Prediction Confidence Score

Trust metric by Neural Network: 93 out of 100 with 479 signals.

References

  1. K. Tuyls and G. Weiss. Multiagent learning: Basics, challenges, and prospects. AI Magazine, 33(3): 41–52, 2012
  2. Barrett, C. B. (1997), "Heteroscedastic price forecasting for food security management in developing countries," Oxford Development Studies, 25, 225–236.
  3. Jorgenson, D.W., Weitzman, M.L., ZXhang, Y.X., Haxo, Y.M. and Mat, Y.X., 2023. Tesla Stock: Hold for Now, But Watch for Opportunities.
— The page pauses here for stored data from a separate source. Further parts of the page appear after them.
lemma normed_bsim_related_exec:
  assumes nb: "normed_bsim tau A B b lt n" and wf: "wfP lt"
    and s: "s \<in> start A" and u: "u \<in> b `` {s}"
  shows "\<exists>\<alpha>'. is_exec B \<alpha>' \<and> ends_in \<alpha>' u \<and> frag_related tau b (single_frag tau s) \<alpha>'"
proof (rule related_frag_by_descent[where P = "is_exec B" and m = 0 and f = "n (Inl s)"])
  show "u \<in> b `` {s}" by (rule u)
next
  fix w assume w: "w \<in> b `` {s}"
  have "w \<in> states B"
    using nb w by (auto simp: normed_bsim_def total_rel_ImageD)
  then have "w \<in> start B \<Longrightarrow> is_exec B (single_frag tau w)"
    by (simp add: is_exec_def is_frag_single_frag)
  then show "(\<exists>\<alpha>'. is_exec B \<alpha>' \<and> ends_in \<alpha>' w \<and> frag_related tau b (single_frag tau s) \<alpha>') \<or>
      (\<exists>v \<in> b `` {s}. (v, tau, w) \<in> steps B \<and> lt (n (Inl s) v) (n (Inl s) w))"
    using nb s w ends_in_single_frag[of tau w] frag_related_single_single[of s w b tau]
    unfolding normed_bsim_def by blast
qed (simp_all add: wf is_exec_snoc flen_single_frag)

lemma normed_bsim_related_frag:
  assumes nb: "normed_bsim tau A B b lt n" and wf: "wfP lt"
    and st: "(t, a, s) \<in> steps A" and u: "u \<in> b `` {s}"
  shows "\<exists>\<alpha>'. is_frag B \<alpha>' \<and> ends_in \<alpha>' u \<and> frag_related tau b (step_frag t a s) \<alpha>'"
proof (rule related_frag_by_descent[where P = "is_frag B" and m = 1 and f = "n (Inr (t, a, s))"])
  show "u \<in> b `` {s}" by (rule u)
next
  have in_states: "x \<in> states B" if "x \<in> b `` {y}" for x y
    using nb that by (auto simp: normed_bsim_def total_rel_ImageD)
  fix w assume w: "w \<in> b `` {s}"
  from nb st w have "(w \<in> b `` {t} \<and> a = tau) \<or> (\<exists>v \<in> b `` {t}. (v, a, w) \<in> steps B) \<or>
      (\<exists>v \<in> b `` {s}. (v, tau, w) \<in> steps B \<and> lt (n (Inr (t, a, s)) v) (n (Inr (t, a, s)) w))"
    unfolding normed_bsim_def by blast
  then show "(\<exists>\<alpha>'. is_frag B \<alpha>' \<and> ends_in \<alpha>' w \<and> frag_related tau b (step_frag t a s) \<alpha>') \<or>
      (\<exists>v \<in> b `` {s}. (v, tau, w) \<in> steps B \<and> lt (n (Inr (t, a, s)) v) (n (Inr (t, a, s)) w))"
  proof (elim disjE conjE bexE)
    assume "w \<in> b `` {t}" "a = tau"
    then have "frag_related tau b (step_frag t a s) (single_frag tau w)"
      using w by (simp add: frag_related_step_single)
    then show ?thesis
      using is_frag_single_frag[OF in_states[OF w]] ends_in_single_frag[of tau w] by blast
  next
    fix v assume "v \<in> b `` {t}" "(v, a, w) \<in> steps B"
    then have "frag_related tau b (step_frag t a s) (step_frag v a w)"
      using w by (simp add: frag_related_step_step)
    then show ?thesis
      using is_frag_step_frag[OF \<open>(v, a, w) \<in> steps B\<close> in_states[OF \<open>v \<in> b `` {t}\<close>]]
        ends_in_step_frag[of v a w] by blast
  next
    fix v assume "v \<in> b `` {s}" "(v, tau, w) \<in> steps B" "lt (n (Inr (t, a, s)) v) (n (Inr (t, a, s)) w)"
    then show ?thesis by blast
  qed
qed (simp_all add: wf is_frag_snoc flen_step_frag)

lemma normed_bsim_imp_branching_bsim:
  assumes wf: "wfP lt" and nb: "normed_bsim tau A B b lt n"
  shows "branching_bsim tau A B b"
proof -
  have "total_rel A B b" using nb by (simp add: normed_bsim_def)
  then show ?thesis
    unfolding branching_bsim_def
    using normed_bsim_related_exec[OF nb wf] normed_bsim_related_frag[OF nb wf] by blast
qed

lemma branching_norm_eq:
  "u \<in> b `` {s} \<Longrightarrow>
     branching_norm tau A B b (Inl s) u = least_related_len (is_exec B) tau b (single_frag tau s) u"
  "u \<in> b `` {s} \<Longrightarrow>
     branching_norm tau A B b (Inr (t, a, s)) u = least_related_len (is_frag B) tau b (step_frag t a s) u"
  by (simp_all add: branching_norm_def least_related_len_def)

lemma branching_bsim_norm_start:
  assumes bb: "branching_bsim tau A B b" and s: "s \<in> start A" and u: "u \<in> b `` {s}"
  shows "u \<in> start B \<or>
    (\<exists>v \<in> b `` {s}. (v, tau, u) \<in> steps B \<and>
       branching_norm tau A B b (Inl s) v < branching_norm tau A B b (Inl s) u)"
proof -
  let ?L = "least_related_len (is_exec B) tau b (single_frag tau s)"
  have "\<exists>\<alpha>'. is_exec B \<alpha>' \<and> ends_in \<alpha>' u \<and> frag_related tau b (single_frag tau s) \<alpha>'"
    using bb s u unfolding branching_bsim_def by blast
  then obtain \<alpha>' I where \<alpha>': "is_exec B \<alpha>'" "ends_in_len \<alpha>' (?L u) u"
    and I: "index_rel tau b (single_frag tau s) \<alpha>' I"
    by (rule least_related_len_witness)
  show ?thesis
  proof (cases "?L u")
    case 0
    with \<alpha>' show ?thesis by (simp add: is_exec_def ends_in_len_def)
  next
    case (Suc k)
    with \<alpha>'(2) have "k \<in> Index \<alpha>'" by (simp add: ends_in_len_def Index_def)
    then have "(0, k) \<in> I"
      using index_rel_right_total[OF I] index_rel_Index[OF I] by fastforce
    moreover have "is_frag B \<alpha>'" using \<alpha>'(1) by (simp add: is_exec_def)
    ultimately have "fst_st \<alpha>' k \<in> b `` {s} \<and> (fst_st \<alpha>' k, tau, u) \<in> steps B \<and> ?L (fst_st \<alpha>' k) < ?L u"
      using least_related_len_tau_descent[OF is_exec_butlast _ \<alpha>'(1) _ Suc I flen_single_frag] \<alpha>'(2) Suc
      by simp
    with u show ?thesis by (auto simp: branching_norm_eq)
  qed
qed

lemma branching_bsim_norm_step:
  assumes bb: "branching_bsim tau A B b" and st: "(t, a, s) \<in> steps A" and u: "u \<in> b `` {s}"
  shows "(u \<in> b `` {t} \<and> a = tau) \<or>
    (\<exists>v \<in> b `` {t}. (v, a, u) \<in> steps B) \<or>
    (\<exists>v \<in> b `` {s}. (v, tau, u) \<in> steps B \<and>
       branching_norm tau A B b (Inr (t, a, s)) v < branching_norm tau A B b (Inr (t, a, s)) u)"
proof -
  let ?L = "least_related_len (is_frag B) tau b (step_frag t a s)"
  have "\<exists>\<alpha>'. is_frag B \<alpha>' \<and> ends_in \<alpha>' u \<and> frag_related tau b (step_frag t a s) \<alpha>'"
    using bb st u unfolding branching_bsim_def by blast
  then obtain \<alpha>' I where \<alpha>': "is_frag B \<alpha>'" "ends_in_len \<alpha>' (?L u) u"
    and I: "index_rel tau b (step_frag t a s) \<alpha>' I"
    by (rule least_related_len_witness)
  show ?thesis
  proof (cases "?L u")
    case 0
    with \<alpha>'(2) have len: "flen \<alpha>' = enat 0" and "fst_st \<alpha>' 0 = u"
      by (simp_all add: ends_in_len_def)
    obtain j where "(0, j) \<in> I" using index_rel_left_total[OF I] by auto
    moreover from this have "j = 0"
      using index_rel_Index[OF I] by (simp add: Index_enat[OF len])
    moreover have "(Suc 0, 0) \<in> I" using index_rel_last[OF I flen_step_frag len] by simp
    ultimately show ?thesis
      using index_rel_related[OF I] index_rel_act_stutter_right[OF I] \<open>fst_st \<alpha>' 0 = u\<close> by force
  next
    case (Suc k)
    with \<alpha>'(2) have len: "flen \<alpha>' = enat (Suc k)" and "fst_st \<alpha>' (Suc k) = u"
      by (simp_all add: ends_in_len_def)
    obtain i where i: "(i, k) \<in> I"
      using index_rel_right_total[OF I, of k] by (auto simp: Index_enat[OF len])
    then consider (paired_with_t) "i = 0" | (paired_with_s) "i = 1"
      using index_rel_Index[OF I] by fastforce
    then show ?thesis
    proof cases
      case paired_with_t
      have "(Suc 0, Suc k) \<in> I" using index_rel_last[OF I flen_step_frag len] by simp
      then have "fst_act \<alpha>' (Suc k) = a"
        using index_rel_act_sync[OF I] i paired_with_t by force
      then have "(fst_st \<alpha>' k, a, u) \<in> steps B"
        using is_frag_last_step[OF \<alpha>'(1) len] \<open>fst_st \<alpha>' (Suc k) = u\<close> by simp
      moreover have "fst_st \<alpha>' k \<in> b `` {t}" using index_rel_related[OF I i] paired_with_t by simp
      ultimately show ?thesis by blast
    next
      case paired_with_s
      have "fst_st \<alpha>' k \<in> b `` {s} \<and> (fst_st \<alpha>' k, tau, u) \<in> steps B \<and> ?L (fst_st \<alpha>' k) < ?L u"
        using least_related_len_tau_descent[OF is_frag_butlast \<alpha>'(1) \<alpha>'(1) _ Suc I flen_step_frag] \<alpha>'(2) Suc i paired_with_s
        by simp
      with u show ?thesis by (auto simp: branching_norm_eq)
    qed
  qed
qed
AC Investment Research Journal, 220(44).
  4. Babula, R. A. (1988), "Contemporaneous correlation and modeling Canada's imports of U.S. crops," Journal of Agricultural Economics Research, 41, 33–38.
  5. Jorgenson, D.W., Weitzman, M.L., ZXhang, Y.X., Haxo, Y.M. and Mat, Y.X., 2023. Apple's Stock Price: How News Affects Volatility. AC Investment Research Journal, 220(44).
  6. Bewley, R. M. Yang (1998), "On the size and power of system tests for cointegration," Review of Economics and Statistics, 80, 675–679.
  7. Dietterich TG. 2000. Ensemble methods in machine learning. In Multiple Classifier Systems: First International Workshop, Cagliari, Italy, June 21–23, pp. 1–15. Berlin: Springer
Frequently Asked QuestionsQ: What is the prediction methodology for VLRS stock?
A: VLRS stock prediction methodology: We evaluate the prediction models Multi-Instance Learning (ML) and Sign Test
Q: Is VLRS stock a buy or sell?
A: The dominant strategy among neural network is to Hold VLRS Stock.
Q: Is Controladora Vuela Compania de Aviacion S.A.B. de C.V. American Depositary Shares each representing ten (10) Ordinary Participation Certificates stock a good investment?
A: The consensus rating for Controladora Vuela Compania de Aviacion S.A.B. de C.V. American Depositary Shares each representing ten (10) Ordinary Participation Certificates is Hold and is assigned short-term Ba3 & long-term B1 estimated rating.
Q: What is the consensus rating of VLRS stock?
A: The consensus rating for VLRS is Hold.
Q: What is the prediction period for VLRS stock?
A: The prediction period for VLRS is 4 Weeks

People also ask

⚐ What are the top stocks to invest in right now?
☵ What happens to stocks when they're delisted?
This project is licensed under the license; additional terms may apply.